I still love my Pack. Hell of a game. I've got mad respect for a QB that can shake off such a bad first half the way Wilson did, and his boys pulled out all the stops; crazy as their fucking crazy fans drive me, Seattle is a team to whom I'm never sad to see Green Bay lose. I'll be backing the Hawks in the Super Bowl for sure. The Pats were the last team to win back-to-back NFL championships, if I've got my data right; let's see if Seattle can't wipe that record AND hand the East Coast's second-nastiest case of scabies (Big Ben's boys always get the top spot there) its walking papers in one fell swoop.
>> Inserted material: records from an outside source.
lemma Pmat_up:
  assumes "3 \<le> n" "1 \<le> j" "j < n"
  shows "Pmat n \<epsilon> \<delta> j (Suc j) = (if j = 1 then \<epsilon> else (1 - \<delta>) * \<epsilon>)"
  using assms by (auto simp: Pmat_def)

lemma Pmat_down:
  assumes "3 \<le> n" "1 \<le> j" "j < n"
  shows "Pmat n \<epsilon> \<delta> (Suc j) j = (if j = n - 1 then \<epsilon> else \<delta> * \<epsilon>)"
  using assms by (auto simp: Pmat_def)

lemma birth_death_chain_Pmat:
  assumes "3 \<le> n" "\<epsilon> \<noteq> 0" "\<delta> \<noteq> 0"
  shows "birth_death_chain n (Pmat n \<epsilon> \<delta>)"
proof
  show "i = j \<or> j = Suc i \<or> i = Suc j" if "Pmat n \<epsilon> \<delta> i j \<noteq> 0" for i j
    using that by (auto simp: Pmat_def split: if_splits)
  show "Pmat n \<epsilon> \<delta> j (j - 1) + Pmat n \<epsilon> \<delta> j j + Pmat n \<epsilon> \<delta> j (Suc j) = 1"
    if "j \<in> {1..n}" for j
    using that assms(1) by (auto simp: Pmat_def algebra_simps)
  show "Pmat n \<epsilon> \<delta> 1 0 = 0" "Pmat n \<epsilon> \<delta> n (Suc n) = 0"
    by (simp_all add: Pmat_def)
  show "Pmat n \<epsilon> \<delta> (Suc j) j \<noteq> 0" if "1 \<le> j" "j < n" for j
    using that assms by (simp add: Pmat_down)
qed

definition stat_weight :: "nat \<Rightarrow> real \<Rightarrow> nat \<Rightarrow> real" where
  "stat_weight n \<delta> k =
     (if k = 1 then \<delta> ^ (n - 2)
      else if 2 \<le> k \<and> k \<le> n - 1 then (1 - \<delta>) ^ (k - 2) * \<delta> ^ (n - 1 - k)
      else if k = n then (1 - \<delta>) ^ (n - 2)
      else 0)"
(it's worth mentioning at this point that, if you didn't know it already, though I myself was born in the chain-link coziness of White Center, my family is Wisconsin born and bred, and, like alcoholism, vowel lengthening, and a fervor for dairy, the Packers run in my blood.)

After my post-Infinite Jest-not-that-traumatic-but-still-stressful-disorder, I flirted briefly with a linguistics text that turned out to be - horror of horrors - not really intended for peop le with any linguistics training at all!!, churned through Laline Paull's unique but messy The Bees in un unexpectedly tidy 48 hours (reports of "Watership Down with bees!" were greatly exaggerated) and ended up panickedly speed-downloading Haruko Murakami's IQ84 via Amtrak Wi-Fi. And that's where I am now, following weirdly calm people down staircases of distorted spacetime, looking out my window at backlit blackness from the train tracks, listening to Ladytron because that's what I do, and realizing it's somehow Sunday all over again.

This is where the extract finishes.